With the introduction of OpenShift virtualization, the Red Hat portfolio provides virtualization solutions across multiple hybrid-cloud use cases:

 

Red Hat virtualization (“RHV”) and Red Hat OpenStack Platform (“RHOSP”) solve problems that are not going away anytime soon, so our plan is to continue to invest in these use cases with a focus on rock-solid stability, performance and scalability. These platforms are also the primary landing spots for customers who migrate from VMware to Red Hat Infrastructure via the Red Hat infrastructure migration solution, so they will continue to provide the long-term support and stability that characterizes the Red Hat product line, while at the same time continue to evolve as path to application modernization and OpenShift with OpenShift virtualization.

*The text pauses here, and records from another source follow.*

lemma sync_bal_iff_balanced:
  assumes sc: "strongly_connected N a"
  shows "(\<forall>g y. globally_synchronizes_with N K c a tau g y (omega_bal N K c a tau g y)) \<longleftrightarrow> balanced N a"
proof -
  have pos: "\<forall>i\<in>nodes N. 0 < \<gamma> i" by (rule gamma_pos_if_strongly_connected[OF sc])
  have "(\<forall>g y. globally_synchronizes_with N K c a tau g y (omega_bal N K c a tau g y))
      \<longleftrightarrow> (\<forall>g y. omega_bal N K c a tau g y = omega_gamma N K c a tau g y \<gamma>)"
    using sync_if_strongly_connected[OF sc] sync_frequency_unique[OF nodes_nonempty] by metis
  also have "\<dots> \<longleftrightarrow> (\<exists>s>0. \<forall>i\<in>nodes N. \<gamma> i = s)"
  proof
    assume "\<forall>g y. omega_bal N K c a tau g y = omega_gamma N K c a tau g y \<gamma>"
    then obtain s where "\<forall>i\<in>nodes N. \<gamma> i = s" using gamma_const_if_omega_bal[OF pos] by blast
    thus "\<exists>s>0. \<forall>i\<in>nodes N. \<gamma> i = s" using pos nodes_nonempty by force
  qed (use omega_gamma_const in metis)
  also have "\<dots> \<longleftrightarrow> laplacian_left_null N a (\<lambda>_. 1)"
  proof
    assume "\<exists>s>0. \<forall>i\<in>nodes N. \<gamma> i = s"
    then obtain s where "0 < s" "\<forall>i\<in>nodes N. \<gamma> i = s" by blast
    thus "laplacian_left_null N a (\<lambda>_. 1)"
      using gamma_null unfolding laplacian_left_null_def by (simp add: sum_distrib_left[symmetric])
  next
    assume one: "laplacian_left_null N a (\<lambda>_. 1)"
    have "\<exists>s. \<forall>i\<in>nodes N. \<gamma> i = s * 1"
      by (rule laplacian_left_null_proportional[OF sc gamma_null one _ a_nonneg nodes_nonempty]) simp
    then obtain s where "\<forall>i\<in>nodes N. \<gamma> i = s * 1" by blast
    thus "\<exists>s>0. \<forall>i\<in>nodes N. \<gamma> i = s" using pos nodes_nonempty by force
  qed
  also have "\<dots> \<longleftrightarrow> balanced N a" by (rule balanced_iff_laplacian_left_null_one[symmetric])
  finally show ?thesis .
qed

end

theorem corollary1:
  fixes N :: nat and K :: real and c :: "nat \<Rightarrow> real"
    and a tau :: "nat \<Rightarrow> nat \<Rightarrow> real" and \<gamma> :: "nat \<Rightarrow> real"
  assumes a1K: "K > 0"
    and a1c: "\<forall>i\<in>nodes N. c i > 0"
    and anonneg: "\<forall>i\<in>nodes N. \<forall>j\<in>nodes N. i \<noteq> j \<longrightarrow> a i j \<ge> 0"
    and a2: "\<forall>i\<in>nodes N. \<forall>j\<in>nodes N. i \<noteq> j \<longrightarrow> tau i j \<ge> 0"
    and gamma_nonneg: "\<forall>i\<in>nodes N. \<gamma> i \<ge> 0"
    and gamma_norm: "sqrt (\<Sum>i\<in>nodes N. (\<gamma> i)\<^sup>2) = 1"
    and gamma_left: "\<forall>j\<in>nodes N. (\<Sum>i\<in>nodes N. \<gamma> i * laplacian N a i j) = 0"
  shows "(((\<forall>g y. globally_synchronizes_with N K c a tau g y (omega_gamma N K c a tau g y \<gamma>))
            \<and> (\<forall>i\<in>nodes N. \<gamma> i > 0))
          \<longleftrightarrow> strongly_connected N a)
       \<and> (strongly_connected N a \<longrightarrow>
          ((\<forall>g y. globally_synchronizes_with N K c a tau g y (omega_bal N K c a tau g y))
           \<longleftrightarrow> balanced N a))"
proof -
  interpret delayed_network_left_eigenvector N K c a tau \<gamma>
    using assms by unfold_locales auto
  show ?thesis
    using strongly_connected_if_sync sync_if_strongly_connected gamma_pos_if_strongly_connected
      sync_bal_iff_balanced
    by blast
qed

end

In parallel, we are pivoting to a platform versus product specific strategy and plan for virtualization from Red Hat. This is demonstrable now in our early delivery of Red Hat virtualization integration with OpenShift virtualization and in the plans underway to build on this to provide portfolio integration with Red Hat Migration analytics and advanced VM and workload migration tooling in future versions of Red Hat virtualization and Red Hat OpenStack Platform. Delivery timeframes are yet to be determined, just know that our current plan and future roadmap for virtualization from Red Hat is very vibrant and designed to provide an easy path for customers to modernize their applications regardless of where they currently run or where they are planned to run in the future. Continue to follow the OpenShift blog for updates on these and other developments as our plan continues to evolve.

Get it, see it in action

OpenShift virtualization is available now in OpenShift Container Platform 4; if you are a current OpenShift customer you have access to it as part of your current subscription. There is no additional cost or entitlement needed to begin using it now. That said, the most current features and functionality are available in 4.4, so you may want to consider the upgrade. In 4.4 OpenShift virtualization is Tech Preview, however it has been promoted to high touch beta status as we put the final touches on production-readiness. The fully supported, generally available version of OpenShift Container Platform with OpenShift virtualization is targeted for the second half of calendar year 2020.